1.6                   ‘Seller’ WOOLOVERS LTD’’ of Woolovers House, Victoria Gardens, Burgess Hill, West Susses, RH15 9NB

1.7                   ‘Samples’ means articles supplied to potential buyers/Buyers to assist potential buyers/Buyers to decide whether or not to purchase Products from the Seller

2                      Conditions applicable

2.1                   These Conditions shall apply to all contracts for the sale of Products by the Seller to the Buyer to the exclusion of all other terms and conditions including any terms or conditions which the Buyer may purport to apply under any purchase order, confirmation of order or similar document.

2.2                   All orders for Products shall be deemed to be an offer by the Buyer to purchase Products pursuant to these Conditions.

2.3                   Acceptance of delivery of the Products shall be deemed conclusive evidence of the Buyer’s acceptance of these Conditions.

2.4                   Any variation to these Conditions (including any special terms and conditions agreed between the parties) shall be inapplicable unless agreed in writing by Woolovers Ltd (the Seller).

3                      The Price and payment

3.1                   The Price shall be the Seller’s quoted price. The Price is exclusive of VAT which shall be due at the rate ruling on the date of the Seller’s invoice.

3.2                   In some cases payment of a non-refundable deposit of 50% of the Price and VAT shall be due and payable to the Seller before delivery of the Products. The Seller reserves the right to require a larger non-refundable deposit from the Buyer and to require payment in full for the Products before delivery.

3.3                   The balance of the Price and VAT shall be due within 30 days of the date of the invoice.
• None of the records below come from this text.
lemma compact_shrink_open_cover:
  assumes "compact M" "M \<subseteq> \<Union>(U ` I)"
    and "\<And>i y. i \<in> I \<Longrightarrow> y \<in> U i \<Longrightarrow>
           \<exists>N L. open N \<and> y \<in> N \<and> N \<subseteq> L \<and> L \<subseteq> U i \<and> compact L"
  obtains W C where "\<And>i. open (W i)" "\<And>i. W i \<subseteq> C i" "\<And>i. C i \<subseteq> U i"
    "\<And>i. compact (C i)" "M \<subseteq> \<Union>(W ` I)"
proof -
  have "\<forall>y\<in>M. \<exists>i. i \<in> I \<and> (\<exists>N L. open N \<and> y \<in> N \<and> N \<subseteq> L \<and> L \<subseteq> U i \<and> compact L)"
  proof
    fix y assume "y \<in> M"
    then obtain i where "i \<in> I" "y \<in> U i" using assms(2) by blast
    moreover obtain N L where "open N" "y \<in> N" "N \<subseteq> L" "L \<subseteq> U i" "compact L"
      using assms(3) \<open>i \<in> I\<close> \<open>y \<in> U i\<close> by meson
    ultimately show "\<exists>i. i \<in> I \<and> (\<exists>N L. open N \<and> y \<in> N \<and> N \<subseteq> L \<and> L \<subseteq> U i \<and> compact L)"
      by blast
  qed
  then obtain \<iota> where "\<forall>y\<in>M. \<iota> y \<in> I \<and>
      (\<exists>N L. open N \<and> y \<in> N \<and> N \<subseteq> L \<and> L \<subseteq> U (\<iota> y) \<and> compact L)"
    by (metis bchoice)
  then obtain N where "\<forall>y\<in>M. \<iota> y \<in> I \<and> open (N y) \<and> y \<in> N y \<and>
      (\<exists>L. N y \<subseteq> L \<and> L \<subseteq> U (\<iota> y) \<and> compact L)"
    by (metis bchoice)
  then obtain L where NL: "\<And>y. y \<in> M \<Longrightarrow> \<iota> y \<in> I \<and> open (N y) \<and> y \<in> N y \<and>
      N y \<subseteq> L y \<and> L y \<subseteq> U (\<iota> y) \<and> compact (L y)"
    by (metis bchoice)
  obtain T where T: "T \<subseteq> M" "finite T" "M \<subseteq> \<Union>(N ` T)"
    using compactE_image[OF assms(1), of M N] NL by blast
  define W where "W i = \<Union>(N ` {y\<in>T. \<iota> y = i})" for i
  define C where "C i = \<Union>(L ` {y\<in>T. \<iota> y = i})" for i
  show ?thesis
  proof
    show "open (W i)" for i
      unfolding W_def using NL T(1) by (intro open_UN) auto
    show "W i \<subseteq> C i" "C i \<subseteq> U i" for i
      unfolding W_def C_def using NL T(1) by fastforce+
    show "compact (C i)" for i
      unfolding C_def using NL T by (intro compact_UN) auto
    show "M \<subseteq> \<Union>(W ` I)"
    proof
      fix x assume "x \<in> M"
      then obtain y where "y \<in> T" "x \<in> N y" using T(3) by blast
      then have "\<iota> y \<in> I" "x \<in> W (\<iota> y)" using NL T(1) unfolding W_def by auto
      then show "x \<in> \<Union>(W ` I)" by blast
    qed
  qed
qed

lemma Tietze_extension_complex:
  fixes f :: "'a \<Rightarrow> complex"
  assumes "normal_space X" "closedin X S" "continuous_map (subtopology X S) euclidean f"
  obtains g where "continuous_map X euclidean g" "\<And>x. x \<in> S \<Longrightarrow> g x = f x"
proof -
  have "continuous_map (subtopology X S) euclideanreal (\<lambda>x. Re (f x))"
    "continuous_map (subtopology X S) euclideanreal (\<lambda>x. Im (f x))"
    using assms(3) by (auto simp: continuous_map_atin tendsto_Re tendsto_Im)
  then obtain g1 g2 where g: "continuous_map X euclideanreal g1" "continuous_map X euclideanreal g2"
    "\<And>x. x \<in> S \<Longrightarrow> g1 x = Re (f x)" "\<And>x. x \<in> S \<Longrightarrow> g2 x = Im (f x)"
    using Tietze_extension_realinterval[OF assms(1,2) is_interval_univ UNIV_not_empty]
    by (metis subset_UNIV)
  show ?thesis
  proof
    show "continuous_map X euclidean (\<lambda>x. Complex (g1 x) (g2 x))"
      using g(1,2) by (auto simp: continuous_map_atin tendsto_Complex)
    show "Complex (g1 x) (g2 x) = f x" if "x \<in> S" for x
      using g(3,4) that by (simp add: complex_eq_iff)
  qed
qed

lemma limitin_topology_generated_by:
  "limitin (topology_generated_by \<B>) f l F \<longleftrightarrow>
     l \<in> \<Union>\<B> \<and> (\<forall>B\<in>\<B>. l \<in> B \<longrightarrow> eventually (\<lambda>x. f x \<in> B) F)"
proof
  assume "limitin (topology_generated_by \<B>) f l F"
  then show "l \<in> \<Union>\<B> \<and> (\<forall>B\<in>\<B>. l \<in> B \<longrightarrow> eventually (\<lambda>x. f x \<in> B) F)"
    by (auto simp: limitin_def topology_generated_by_Basis)
next
  assume l: "l \<in> \<Union>\<B> \<and> (\<forall>B\<in>\<B>. l \<in> B \<longrightarrow> eventually (\<lambda>x. f x \<in> B) F)"
  have "eventually (\<lambda>x. f x \<in> U) F" if "generate_topology_on \<B> U" "l \<in> U" for U
    using that
  proof (induction rule: generate_topology_on.induct)
    case (Int a b)
    then show ?case by (simp add: eventually_conj)
  next
    case (UN K)
    then obtain k where "k \<in> K" "l \<in> k" by blast
    with UN.IH have "eventually (\<lambda>x. f x \<in> k) F" by blast
    then show ?case
      by (rule eventually_mono) (use \<open>k \<in> K\<close> in blast)
  qed (use l in auto)
  with l show "limitin (topology_generated_by \<B>) f l F"
    by (simp add: limitin_def openin_topology_generated_by_iff)
qed

section \<open>Ultrafilters\<close>

definition ultrafilter :: "'a filter \<Rightarrow> bool" where
  "ultrafilter G \<longleftrightarrow> G \<noteq> bot \<and> (\<forall>P. eventually P G \<or> eventually (\<lambda>x. \<not> P x) G)"

lemma ex_ultrafilter_le:
  fixes F :: "'a filter"
  assumes "F \<noteq> bot"
  obtains G where "ultrafilter G" "G \<le> F"
proof -
  let ?R = "{(b, a). a \<noteq> bot \<and> a \<le> b \<and> b \<le> F}"
  have field_R: "Field ?R = {G. G \<noteq> bot \<and> G \<le> F}"
    by (auto simp: Field_def bot_unique)
  have "\<exists>m\<in>Field ?R. \<forall>a\<in>Field ?R. (m, a) \<in> ?R \<longrightarrow> a = m"
  proof (rule Zorns_po_lemma)
    show "Partial_order ?R"
      by (auto simp: partial_order_on_def preorder_on_def
          antisym_def refl_on_def trans_def Field_def bot_unique)
    show "\<exists>u\<in>Field ?R. \<forall>a\<in>C. (a, u) \<in> ?R" if C: "C \<in> Chains ?R" for C
    proof (cases "C = {}")
      case True
      then show ?thesis using assms field_R by auto
    next
      case False
      have "Inf C = bot \<longleftrightarrow> (\<exists>x\<in>C. x = bot)"
        unfolding trivial_limit_def using C False
        by (intro eventually_Inf_base) (auto simp: Chains_def)
      then have "Inf C \<noteq> bot" using C by (auto simp: Chains_def)
      moreover from False obtain x where "x \<in> C" by auto
      then have "Inf C \<le> F" using C by (auto intro!: Inf_lower2[of x] simp: Chains_def)
      ultimately show ?thesis using C
        by (intro bexI[of _ "Inf C"]) (auto intro: Inf_lower simp: Chains_def field_R)
    qed
  qed
  then obtain U where U: "U \<noteq> bot" "U \<le> F" "\<And>G. G \<noteq> bot \<Longrightarrow> G \<le> U \<Longrightarrow> G = U"
    unfolding field_R by auto
  have "ultrafilter U"
    unfolding ultrafilter_def
  proof (intro conjI allI U(1) disjCI)
    fix P assume "\<not> eventually (\<lambda>x. \<not> P x) U"
    then have "inf U (principal {x. P x}) \<noteq> bot"
      by (simp add: trivial_limit_def eventually_inf_principal)
    then have "inf U (principal {x. P x}) = U" by (rule U(3)) simp
    moreover have "eventually P (inf U (principal {x. P x}))"
      by (simp add: eventually_inf_principal)
    ultimately show "eventually P U" by simp
  qed
  with U(2) show ?thesis using that by blast
qed

lemma tendsto_ultrafilterI:
  assumes "\<And>G. ultrafilter G \<Longrightarrow> G \<le> F \<Longrightarrow> (f \<longlongrightarrow> l) G"
  shows "(f \<longlongrightarrow> l) F"
proof (rule topological_tendstoI)
  fix B assume B: "open B" "l \<in> B"
  show "eventually (\<lambda>x. f x \<in> B) F"
  proof (rule ccontr)
    assume "\<not> eventually (\<lambda>x. f x \<in> B) F"
    then have "inf F (principal {x. f x \<notin> B}) \<noteq> bot"
      by (simp add: trivial_limit_def eventually_inf_principal)
    then obtain G where G: "ultrafilter G" "G \<le> inf F (principal {x. f x \<notin> B})"
      by (rule ex_ultrafilter_le)
    then have "eventually (\<lambda>x. f x \<notin> B) G"
      by (simp add: le_principal)
    moreover have "eventually (\<lambda>x. f x \<in> B) G"
      using assms[OF G(1)] G(2) B topological_tendstoD by fastforce
    ultimately have "eventually (\<lambda>x. False) G"
      by (rule eventually_elim2) simp
    with G(1) show False by (simp add: ultrafilter_def)
  qed
qed

lemma ultrafilter_le_nhds_if_compact:
  assumes "ultrafilter G" "compact Q" "eventually (\<lambda>x. x \<in> Q) G"
  obtains q where "q \<in> Q" "G \<le> nhds q"
proof -
  obtain q where q: "q \<in> Q" "inf (nhds q) G \<noteq> bot"
    using assms unfolding compact_filter ultrafilter_def by blast
  have "G \<le> nhds q"
    unfolding le_nhds
  proof (intro allI impI)
    fix W assume W: "open W \<and> q \<in> W"
    show "eventually (\<lambda>x. x \<in> W) G"
    proof (rule ccontr)
      assume "\<not> eventually (\<lambda>x. x \<in> W) G"
      then have "eventually (\<lambda>x. x \<notin> W) G"
        using assms(1) unfolding ultrafilter_def by blast
      moreover have "eventually (\<lambda>x. x \<in> W) (nhds q)"
        using W eventually_nhds by blast
      ultimately have "eventually (\<lambda>x. False) (inf (nhds q) G)"
        unfolding eventually_inf by blast
      with q(2) show False by (simp add: trivial_limit_def)
    qed
  qed
  with q(1) show ?thesis using that by blast
qed

section \<open>The space HX\<close>

lemma HX_Inter_nonempty:
  assumes "S \<in> HX" "finite \<U>" "\<And>U. U \<in> \<U> \<Longrightarrow> open U" "\<And>U. U \<in> \<U> \<Longrightarrow> U \<inter> S \<noteq> {}"
  shows "\<Inter>\<U> \<noteq> {}"
  using assms unfolding HX_def by simp

lemma HX_Int_open_Hausdorff_subsingleton:
  assumes "S \<in> HX" "open U" "Hausdorff_space (top_of_set U)" "s \<in> S \<inter> U" "t \<in> S \<inter> U"
  shows "s = t"
proof (rule ccontr)
  assume "s \<noteq> t"
  then obtain A B where AB: "openin (top_of_set U) A" "openin (top_of_set U) B"
    "s \<in> A" "t \<in> B" "disjnt A B"
    using assms(3-5) unfolding Hausdorff_space_def topspace_euclidean_subtopology by (meson IntD2)
  then have "open A" "open B"
    using assms(2) openin_open_trans by blast+
  with AB(3,4) assms(4,5) have "\<Inter>{A, B} \<noteq> {}"
    by (intro HX_Inter_nonempty[OF assms(1)]) auto
  with AB(5) show False by (simp add: disjnt_def)
qed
Time for payment (including time of payment of the deposit) shall be of the essence.

3.4                   Interest on overdue invoices shall accrue from the date when payment becomes due from day to day until the date of payment at the prevailing rate as set out in the Late Payment of Commercial Debts (Interest) Act 1998.

3.5                   If the Buyer fails to make any payment on the due date then without prejudice to any of the Seller’s other rights the Seller may:

3.5:1                suspend or cancel deliveries of any articles due to the Buyer; and/or

3.5:2                appropriate any payment made by the Buyer to such of the Products (or Products supplied under any other contract with the Buyer) as the Seller may in its sole discretion think fit.

4                      Samples

4.1                   The Samples shall remain the property of the Seller at all times

4.2                   The Samples shall be at the potential buyers/Buyers risk as from their delivery to the potential buyers/Buyers.

4.3                   The potential buyers/Buyers shall return the Samples to the Seller upon the request of the Seller and in any event within 14 days of the date of delivery of the Samples.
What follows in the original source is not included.